Task data >>
***
definition intervals :: "fgroup set set" where
  "intervals = {{}} \<union> {lmult w (Iv n) | w n. True}"

definition subinterval :: "fgroup set \<Rightarrow> fgroup set \<Rightarrow> bool" where
  "subinterval J I \<longleftrightarrow> I \<in> intervals \<and> J \<in> intervals \<and> J \<subseteq> I"

end

theory Submission
  imports Defs
begin

text \<open>Unfolding the recursion, I_{p+t} is the union of the translates x I_p over a set of
  offsets R_p(t), with R_p(0) = {e} and R_p(t+1) = R_p(t) \<union> \<ell>_{p+t} R_p(t). The heart of the
  proof is the converse: w I_p \<subseteq> I_{p+t} forces w \<in> R_p(t). By induction on p, peeling off
  I_{p+1} = I_p \<union> \<ell>_p I_p, the only case the induction hypothesis leaves open is that v and
  v \<ell>_p^2 are offsets while v \<ell>_p is not. This is impossible because offset sets are
  geodesically convex for the word metric: the Cayley graph of F is a tree, and in a tree two
  convex sets joined by an edge have a convex union. For a subinterval w I_p of I_{n+1} with
  p \<le> n we get w \<in> R_p(n-p) \<union> \<ell>_n R_p(n-p), i.e. w I_p lies in I_n or in \<ell>_n I_n; for
  p > n the inclusion forces w = e and w I_p = I_{n+1}.\<close>

subsection \<open>Free reduction\<close>

lemma inv_letter_inv_letter [simp]: "inv_letter (inv_letter x) = x"
  by (simp add: inv_letter_def)

lemma inv_letter_neq [simp]: "inv_letter x \<noteq> x" "x \<noteq> inv_letter x"
  by (auto simp: inv_letter_def prod_eq_iff)

lemma reduced_iff_successively: "reduced xs \<longleftrightarrow> successively (\<lambda>x y. y \<noteq> inv_letter x) xs"
  by (induction xs rule: reduced.induct) auto

lemma reduced_ConsD: "reduced (y # ys) \<Longrightarrow> reduced ys"
  by (cases ys) auto

lemma reduced_cons_red: "reduced ys \<Longrightarrow> reduced (cons_red x ys)"
  by (cases ys) (auto dest: reduced_ConsD)

lemma reduced_foldr_cons_red: "reduced z \<Longrightarrow> reduced (foldr cons_red xs z)"
  by (induction xs) (auto intro: reduced_cons_red)

lemma reduced_reduce: "reduced (reduce w)"
  unfolding reduce_def by (rule reduced_foldr_cons_red) simp

lemma reduce_reduced: "reduced w \<Longrightarrow> reduce w = w"
  by (induction w rule: reduced.induct) (simp_all add: reduce_def)

lemma reduce_append: "reduce (xs @ ys) = foldr cons_red xs (reduce ys)"
  by (simp add: reduce_def)

lemma reduced_rev_map_inv_letter: "reduced w \<Longrightarrow> reduced (rev (map inv_letter w))"
  unfolding reduced_iff_successively successively_rev successively_map
  by (erule successively_mono) (metis inv_letter_inv_letter)

lemma cons_red_cons_red_inv_letter: "reduced ys \<Longrightarrow> cons_red x (cons_red (inv_letter x) ys) = ys"
  by (cases ys rule: remdups_adj.cases) (auto dest: reduced_ConsD)

lemma foldr_cons_red_cons_red:
  assumes "reduced r" "reduced z"
  shows "foldr cons_red (cons_red x r) z = cons_red x (foldr cons_red r z)"
proof (cases r)
  case (Cons y r')
  then show ?thesis
    using cons_red_cons_red_inv_letter[OF reduced_foldr_cons_red[OF assms(2)], of x r'] by auto
qed simp

lemma foldr_cons_red_reduce: "reduced z \<Longrightarrow> foldr cons_red (reduce xs) z = foldr cons_red xs z"
  by (induction xs)
    (simp_all add: reduce_def foldr_cons_red_cons_red[OF reduced_reduce[unfolded reduce_def]])

lemma foldr_cons_red_inverse:
  "reduced z \<Longrightarrow> foldr cons_red (rev (map inv_letter w)) (foldr cons_red w z) = z"
proof (induction w arbitrary: z)
  case (Cons x w)
  then show ?case
    using cons_red_cons_red_inv_letter[OF reduced_foldr_cons_red[OF Cons.prems], of "inv_letter x" w]
    by simp
qed simp

lemma foldr_cons_red_reduced_append: "reduced (xs @ ys) \<Longrightarrow> foldr cons_red xs ys = xs @ ys"
proof (induction xs)
  case (Cons x xs)
  then have "foldr cons_red xs ys = xs @ ys" by (auto dest: reduced_ConsD)
  with Cons.prems show ?case by (cases "xs @ ys") auto
qed simp

lemma length_foldr_cons_red: "length (foldr cons_red xs ys) \<le> length xs + length ys"
proof (induction xs)
  case (Cons x xs)
  have "length (cons_red x zs) \<le> Suc (length zs)" for zs by (cases zs) auto
  from this[of "foldr cons_red xs ys"] Cons.IH show ?case by simp
qed simp

subsection \<open>The group structure\<close>

lemma reduced_Rep_fgroup [simp]: "reduced (Rep_fgroup g)"
  using Rep_fgroup by simp

lemma Rep_fgroup_fmult: "Rep_fgroup (g \<cdot> h) = reduce (Rep_fgroup g @ Rep_fgroup h)"
  unfolding fmult_def by (simp add: Abs_fgroup_inverse reduced_reduce)

lemma Rep_fgroup_fe [simp]: "Rep_fgroup fe = []"
  unfolding fe_def by (simp add: Abs_fgroup_inverse)

definition finv :: "fgroup \<Rightarrow> fgroup" where
  "finv g = Abs_fgroup (rev (map inv_letter (Rep_fgroup g)))"

lemma Rep_fgroup_finv: "Rep_fgroup (finv g) = rev (map inv_letter (Rep_fgroup g))"
  unfolding finv_def by (simp add: Abs_fgroup_inverse reduced_rev_map_inv_letter)

instantiation fgroup :: group_add
begin

definition "plus_fgroup = fmult"
definition "zero_fgroup = fe"
definition "uminus_fgroup = finv"
definition "minus_fgroup g h = fmult g (finv h)"

instance
proof
  fix a b c :: fgroup
  let ?A = "Rep_fgroup a" and ?B = "Rep_fgroup b" and ?C = "Rep_fgroup c"
  have "reduce (reduce (?A @ ?B) @ ?C) = foldr cons_red (?A @ ?B) (reduce ?C)"
    by (subst reduce_append, rule foldr_cons_red_reduce[OF reduced_reduce])
  also have "\<dots> = reduce (?A @ reduce (?B @ ?C))"
    by (simp add: reduce_append reduce_reduced reduced_foldr_cons_red reduced_reduce)
  finally show "a + b + c = a + (b + c)"
    unfolding plus_fgroup_def Rep_fgroup_inject[symmetric] Rep_fgroup_fmult .
  show "0 + a = a" "a + 0 = a"
    unfolding plus_fgroup_def fmult_def zero_fgroup_def
    by (simp_all add: reduce_reduced Rep_fgroup_inverse)
  show "- a + a = 0"
    unfolding plus_fgroup_def fmult_def zero_fgroup_def uminus_fgroup_def
    using foldr_cons_red_inverse[of "[]" ?A] reduce_reduced[of ?A, unfolded reduce_def]
    by (simp add: Rep_fgroup_finv reduce_append reduce_reduced fe_def)
  show "a + - b = a - b"
    by (simp add: plus_fgroup_def uminus_fgroup_def minus_fgroup_def)
qed

end

lemma Rep_fgroup_zero [simp]: "Rep_fgroup 0 = []"
  by (simp add: zero_fgroup_def)

lemma lmult_eq_image [simp]: "lmult g S = (+) g ` S"
  by (simp add: lmult_def plus_fgroup_def)

lemma Rep_fgroup_minus_add:
  "Rep_fgroup (- g + h) = foldr cons_red (rev (map inv_letter (Rep_fgroup g))) (Rep_fgroup h)"
  by (simp add: plus_fgroup_def uminus_fgroup_def Rep_fgroup_fmult Rep_fgroup_finv
      reduce_append reduce_reduced)

subsection \<open>The word metric\<close>

definition len :: "fgroup \<Rightarrow> nat" where
  "len g = length (Rep_fgroup g)"

lemma len_eq_0_iff [simp]: "len g = 0 \<longleftrightarrow> g = 0"
  by (metis Rep_fgroup_inject Rep_fgroup_zero len_def length_0_conv)

lemma len_uminus [simp]: "len (- g) = len g"
  by (simp add: len_def uminus_fgroup_def Rep_fgroup_finv)

lemma len_minus_add_eq_iff:
  "len (- g + h) = len g + len h \<longleftrightarrow>
     Rep_fgroup g = [] \<or> Rep_fgroup h = [] \<or> hd (Rep_fgroup g) \<noteq> hd (Rep_fgroup h)"
  (is "_ \<longleftrightarrow> ?diverge")
proof (cases ?diverge)
  case True
  let ?G = "Rep_fgroup g" and ?H = "Rep_fgroup h"
  have "reduced (rev (map inv_letter ?G) @ ?H)"
    unfolding reduced_iff_successively successively_append_iff
    using True reduced_rev_map_inv_letter[of ?G] reduced_Rep_fgroup[of g] reduced_Rep_fgroup[of h]
    by (auto simp: reduced_iff_successively last_rev hd_map)
  then have "Rep_fgroup (- g + h) = rev (map inv_letter ?G) @ ?H"
    by (simp add: Rep_fgroup_minus_add foldr_cons_red_reduced_append)
  with True show ?thesis by (simp add: len_def)
next
  case False
  then obtain x G H where G: "Rep_fgroup g = x # G" and H: "Rep_fgroup h = x # H"
    by (cases "Rep_fgroup g"; cases "Rep_fgroup h") auto
  have "Rep_fgroup (- g + h) = foldr cons_red (rev (map inv_letter G)) H"
    unfolding Rep_fgroup_minus_add G H by simp
  then have "len (- g + h) \<le> length G + length H"
    using length_foldr_cons_red[of "rev (map inv_letter G)" H] by (simp add: len_def)
  with False G H show ?thesis by (simp add: len_def)
qed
***
Exercise instructions >> Look through the entries above and report each line where the string "close" occurs.

Answer to this task >>
  p > n the inclusion forces w = e and w I_p = I_{n+1}.\<close>
subsection \<open>Free reduction\<close>
subsection \<open>The group structure\<close>
subsection \<open>The word metric\<close>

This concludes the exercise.